Hundreds of school and college leavers expecting to gain new vocational A levels have had their hopes of a place in higher education dashed by red tape.
Admissions chiefs said this week they were "seriously concerned" that administrative delays in awarding Advanced General National Vocational Qualifications were preventing students from taking up conditional offers.
The Universities and Colleges Admissions Service called for a review of GNVQ certification procedures after the heads of the national bodies which oversee the qualifications admitted that up to a third of students awaiting awards could be stuck in the system because of hold-ups in paperwork.
The National Council for Vocational Qualifications and the Joint Council of National Vocational Awarding Bodies claimed that apparently poor completion rates among Advanced GNVQ students were likely to improve considerably by October as schools, colleges and awarding bodies got round to organising certification of students' achievements.
They said the experience of last year's round of awards suggested the number of completions reported, 13,000 out of 42,000 students who embarked on courses in 1992 and 1993, would double over the next two months.
But Tony Higgins, chief executive of UCAS, said this would probably be too late for students who knew they would gain a GNVQ but needed the paperwork as proof to take up the offer of a place.
"It appears there may be many people who completed coursework assignments during the summer but have to wait for them to be checked and processed before they can get a certificate. They are unlikely to get a place this year," he said.
Critics of GNVQs, launched by John Major in 1991 and heavily promoted by ministers as a new route into higher education, say that college tutors have been swamped by paperwork generated by a bureaucratic assessment regime brought in by the new qualifications.
This has led to what the NCVQ has described as "teething problems" in the delivery of courses leading to the award of GNVQs. Though the qualifications are designed so that students do not need to complete within a set period, these problems have had a significant impact on some students hoping to enter higher education.
At Wirral Metropolitan College, one of the biggest providers of GNVQ courses in the country, students expecting to gain Advanced GNVQs in business and finance discovered too late that their assignment work was incomplete.
Student Leon Ross said tutors had sent him a note to say more assignment work was needed, even though he had completed everything set at the beginning of the course.
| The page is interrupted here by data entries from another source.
lemma descent_ray_complement:
  assumes "descent_ray \<sigma> A"
  shows "descent_ray (- \<sigma>) (S - A)"
proof -
  obtain d where "\<sigma> * power_slope z d < 0" "\<forall>x\<in>S. 0 \<le> side A x * power_slope x d"
    using assms unfolding descent_ray_def by blast
  then have "- \<sigma> * power_slope z (- d) < 0" "\<forall>x\<in>S. 0 \<le> side (S - A) x * power_slope x (- d)"
    by (simp_all add: power_slope_uminus side_Diff)
  then show ?thesis
    unfolding descent_ray_def by blast
qed

lemma flip_eq:
  assumes "optimal \<sigma> A v" "\<sigma> \<noteq> 0"
  shows "flip \<sigma> A = sym_diff A (on_circle S v)"
proof -
  have "(THE v. optimal \<sigma> A v) = v"
    using assms optimal_unique by blast
  then show ?thesis
    by (simp add: flip_def)
qed

lemma flip_sign_reversing_involution:
  assumes "A \<in> voronoi_poset S" "\<not> descent_ray \<sigma> A" "\<sigma> \<noteq> 0"
  shows "flip \<sigma> A \<in> voronoi_poset S" and "\<not> descent_ray (- \<sigma>) (flip \<sigma> A)"
    and "flip (- \<sigma>) (flip \<sigma> A) = A" and "(-1::real) ^ card (flip \<sigma> A) = - ((-1) ^ card A)"
proof -
  obtain q where A: "A \<subseteq> S" "separating S A q"
    using assms(1) voronoi_poset_iff_separating[OF finite_S] by blast
  then obtain v where opt: "optimal \<sigma> A v"
    using optimal_exists assms(2,3) by blast
  let ?A' = "sym_diff A (on_circle S v)"
  have flip: "flip \<sigma> A = ?A'"
    using opt assms(3) by (rule flip_eq)
  have opt': "optimal (- \<sigma>) ?A' v"
    using opt by (rule optimal_sym_diff_on_circle)
  have "?A' \<subseteq> S"
    using A(1) on_circle_subset[of v] by (auto simp: sym_diff_def)
  then show "flip \<sigma> A \<in> voronoi_poset S"
    unfolding flip voronoi_poset_iff_separating[OF finite_S] using optimalD(1)[OF opt'] by blast
  show "\<not> descent_ray (- \<sigma>) (flip \<sigma> A)"
    using optimal_imp_not_descent_ray[OF opt'] by (simp add: flip)
  show "flip (- \<sigma>) (flip \<sigma> A) = A"
    using flip_eq[OF opt'] assms(3) by (simp add: flip sym_diff_sym_diff_cancel)
  have "finite A"
    using A(1) finite_S by (rule finite_subset)
  moreover have "card (on_circle S v) = 3"
    using opt assms(3) by (rule card_on_circle_optimal)
  ultimately show "(-1::real) ^ card (flip \<sigma> A) = - ((-1) ^ card A)"
    using minus_one_power_card_sym_diff[OF _ finite_on_circle, of A v] by (simp add: flip)
qed

lemma complement_descent_ray:
  assumes "A \<in> voronoi_poset S" "descent_ray \<sigma> A"
  shows "S - A \<in> voronoi_poset S" and "descent_ray (- \<sigma>) (S - A)"
proof -
  show ray: "descent_ray (- \<sigma>) (S - A)"
    using assms(2) by (rule descent_ray_complement)
  obtain q where "separating S (S - A) q"
    using ray by (rule descent_ray_imp_separating)
  then show "S - A \<in> voronoi_poset S"
    unfolding voronoi_poset_iff_separating[OF finite_S] by blast
qed

lemma alternating_sum_voronoi_poset:
  assumes "odd (card S)"
  shows "(\<Sum>A\<in>voronoi_poset S. (-1::real) ^ card A) = 0"
proof (rule sum_eq_0_by_sign_reversing_bijections[where p = "descent_ray 1" and q = "descent_ray (-1)"
      and h = "flip 1" and k = "\<lambda>A. S - A"])
  have subset_S: "A \<subseteq> S" if "A \<in> voronoi_poset S" for A
    using that by (simp add: voronoi_poset_def)
  have double_complement: "S - (S - A) = A" if "A \<in> voronoi_poset S" for A
    using that by (auto simp: voronoi_poset_def)
  show "finite (voronoi_poset S)"
    using finite_S by (rule finite_voronoi_poset)
  show "bij_betw (flip 1) {A \<in> voronoi_poset S. \<not> descent_ray 1 A}
      {A \<in> voronoi_poset S. \<not> descent_ray (- 1) A}"
    by (rule bij_betw_byWitness[where f' = "flip (-1)"])
      (use flip_sign_reversing_involution[of _ 1] flip_sign_reversing_involution[of _ "-1"] in auto)
  show "(-1::real) ^ card (flip 1 A) = - ((-1) ^ card A)"
    if "A \<in> voronoi_poset S" "\<not> descent_ray 1 A" for A
    using that by (simp add: flip_sign_reversing_involution)
  show "bij_betw (\<lambda>A. S - A) {A \<in> voronoi_poset S. descent_ray (- 1) A}
      {A \<in> voronoi_poset S. descent_ray 1 A}"
    by (rule bij_betw_byWitness[where f' = "\<lambda>A. S - A"])
      (use complement_descent_ray[of _ 1] complement_descent_ray[of _ "-1"] double_complement in auto)
  show "(-1) ^ card (S - A) = - ((-1::real) ^ card A)"
    if "A \<in> voronoi_poset S" "descent_ray (- 1) A" for A
  proof -
    have "S - A = sym_diff A S"
      using subset_S[OF that(1)] by (auto simp: sym_diff_def)
    then show ?thesis
      using minus_one_power_card_sym_diff[of A S] finite_S subset_S[OF that(1)] assms
      by (simp add: finite_subset)
  qed
qed

end

theorem mainTheorem9:
  fixes S :: "point set"
  assumes "finite S"
    and "card S \<ge> 3"
    and "odd (card S)"
    and "no_three_collinear S"
    and "no_four_cocircular S"
  shows "reduced_euler_char S = 0"
proof -
  obtain z where "z \<notin> S" "\<And>x y. x \<in> S \<Longrightarrow> y \<in> S \<Longrightarrow> x \<noteq> y \<Longrightarrow> \<not> collinear {z, x, y}"
    using exists_point_off_lines[OF assms(1)] by blast
  then interpret generic_sites S z
    using assms by unfold_locales
  show ?thesis
    using reduced_euler_char_eq_alternating_sum[OF assms(1)] alternating_sum_voronoi_poset[OF assms(3)]
    by simp
qed

end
Lecturers responsible for the course are on holiday, and a place at Leeds Metropolitan University has now been withdrawn. "I don't understand what has happened and I feel a bit let down," he said.
* An internal circulating in the Department for Education and Employment suggests lines to take following publication of various examination results between August 17 and 24.
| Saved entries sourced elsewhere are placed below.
lemma finite_l1_ball_lists: "finite (l1_ball_lists n L)"
proof -
  have "\<bar>z\<bar> \<le> sum_list (map abs zs)" if "z \<in> set zs" for z :: int and zs
    using that by (induction zs) (auto simp: add_increasing2 add_increasing sum_list_abs_nonneg)
  hence "l1_ball_lists n L \<subseteq> {zs. set zs \<subseteq> {- int L..int L} \<and> length zs = n}"
    unfolding l1_ball_lists_def by fastforce
  thus ?thesis
    using finite_lists_length_eq[of "{- int L..int L}" n] finite_subset by blast
qed

lemma l1_ball_lists_Suc_0: "l1_ball_lists (Suc n) 0 \<subseteq> Cons 0 ` l1_ball_lists n 0"
proof
  fix zs assume "zs \<in> l1_ball_lists (Suc n) 0"
  then obtain a r where zs: "zs = a # r" "length r = n" "\<bar>a\<bar> + sum_list (map abs r) \<le> 0"
    unfolding l1_ball_lists_def by (cases zs) auto
  moreover have "sum_list (map abs r) \<ge> 0" by (rule sum_list_abs_nonneg)
  ultimately show "zs \<in> Cons 0 ` l1_ball_lists n 0"
    unfolding l1_ball_lists_def by auto
qed

lemma l1_ball_lists_Suc_Suc:
  "l1_ball_lists (Suc n) (Suc L) \<subseteq> Cons 0 ` l1_ball_lists n (Suc L) \<union>
     (\<lambda>zs. (hd zs + 1) # tl zs) ` l1_ball_lists (Suc n) L \<union>
     (\<lambda>zs. (hd zs - 1) # tl zs) ` l1_ball_lists (Suc n) L"
proof
  fix zs assume "zs \<in> l1_ball_lists (Suc n) (Suc L)"
  then obtain a r where zs: "zs = a # r" "length r = n" "\<bar>a\<bar> + sum_list (map abs r) \<le> int L + 1"
    unfolding l1_ball_lists_def by (cases zs) auto
  consider "a = 0" | "a > 0" | "a < 0" by linarith
  thus "zs \<in> Cons 0 ` l1_ball_lists n (Suc L) \<union>
     (\<lambda>zs. (hd zs + 1) # tl zs) ` l1_ball_lists (Suc n) L \<union>
     (\<lambda>zs. (hd zs - 1) # tl zs) ` l1_ball_lists (Suc n) L"
  proof cases
    case 1
    thus ?thesis using zs unfolding l1_ball_lists_def by auto
  next
    case 2
    have "(a - 1) # r \<in> l1_ball_lists (Suc n) L" and "zs = (\<lambda>zs. (hd zs + 1) # tl zs) ((a - 1) # r)"
      using zs 2 unfolding l1_ball_lists_def by auto
    thus ?thesis by blast
  next
    case 3
    have "(a + 1) # r \<in> l1_ball_lists (Suc n) L" and "zs = (\<lambda>zs. (hd zs - 1) # tl zs) ((a + 1) # r)"
      using zs 3 unfolding l1_ball_lists_def by auto
    thus ?thesis by blast
  qed
qed

lemma card_l1_ball_lists: "card (l1_ball_lists n L) \<le> 3 ^ (n + L)"
proof (induction n arbitrary: L)
  case 0
  have "l1_ball_lists 0 L = {[]}" unfolding l1_ball_lists_def by auto
  thus ?case by simp
next
  case (Suc n)
  note IH_n = Suc.IH
  show ?case
  proof (induction L)
    case 0
    have "card (l1_ball_lists (Suc n) 0) \<le> card (Cons 0 ` l1_ball_lists n 0)"
      by (intro card_mono l1_ball_lists_Suc_0 finite_imageI finite_l1_ball_lists)
    also have "\<dots> \<le> card (l1_ball_lists n 0)"
      by (rule card_image_le[OF finite_l1_ball_lists])
    also have "\<dots> \<le> 3 ^ (Suc n + 0)"
      using IH_n[of 0] by simp
    finally show ?case .
  next
    case (Suc L)
    have "card (l1_ball_lists (Suc n) (Suc L)) \<le>
        card (l1_ball_lists n (Suc L)) + card (l1_ball_lists (Suc n) L) + card (l1_ball_lists (Suc n) L)"
      by (rule order_trans[OF card_mono[OF _ l1_ball_lists_Suc_Suc]])
        (auto simp: finite_l1_ball_lists intro!: order_trans[OF card_Un_le] add_mono card_image_le)
    also have "\<dots> \<le> 3 ^ (n + Suc L) + 3 ^ (Suc n + L) + 3 ^ (Suc n + L)"
      using IH_n[of "Suc L"] Suc.IH by (intro add_mono) auto
    finally show ?case by simp
  qed
qed

(* Rounding a point of the unit ball down to the grid of mesh 1/(4 sqrt n) moves it by at most
   1/4 and gives integer coordinates of l1-norm at most 4 sqrt n * sqrt n + n = 5 n. *)
definition grid_net :: "nat \<Rightarrow> real vec set" where
  "grid_net n = {y \<in> (\<lambda>zs. vec n (\<lambda>i. of_int (zs ! i) / (4 * sqrt (real n)))) ` l1_ball_lists n (5 * n).
     vnorm y \<le> 5/4}"

lemma card_grid_net: "card (grid_net n) \<le> 3 ^ (6 * n)"
proof -
  have "card (grid_net n) \<le> card (l1_ball_lists n (5 * n))"
    unfolding grid_net_def
    by (rule order_trans[OF card_mono card_image_le]) (auto intro: finite_l1_ball_lists)
  also have "\<dots> \<le> 3 ^ (6 * n)"
    using card_l1_ball_lists[of n "5 * n"] by simp
  finally show ?thesis .
qed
The note by a senior official in the department, David Forrester, says that if results have "improved", then "we will press the competitiveness button, drawing attention to the way that this puts us further on course towards the National Targets etc".
If, however, the results show a "deterioration" or fall short of expectation, then the department "will emphasise the high standards expected of all who aspire towards our rigorous qualification, whether old and established or new and improving". Mr Forrester says that "ideally, of course we will have enough 'improvement' to be able to press the competitiveness button, but not too much - so that we can also emphasise that standards have been fully maintained".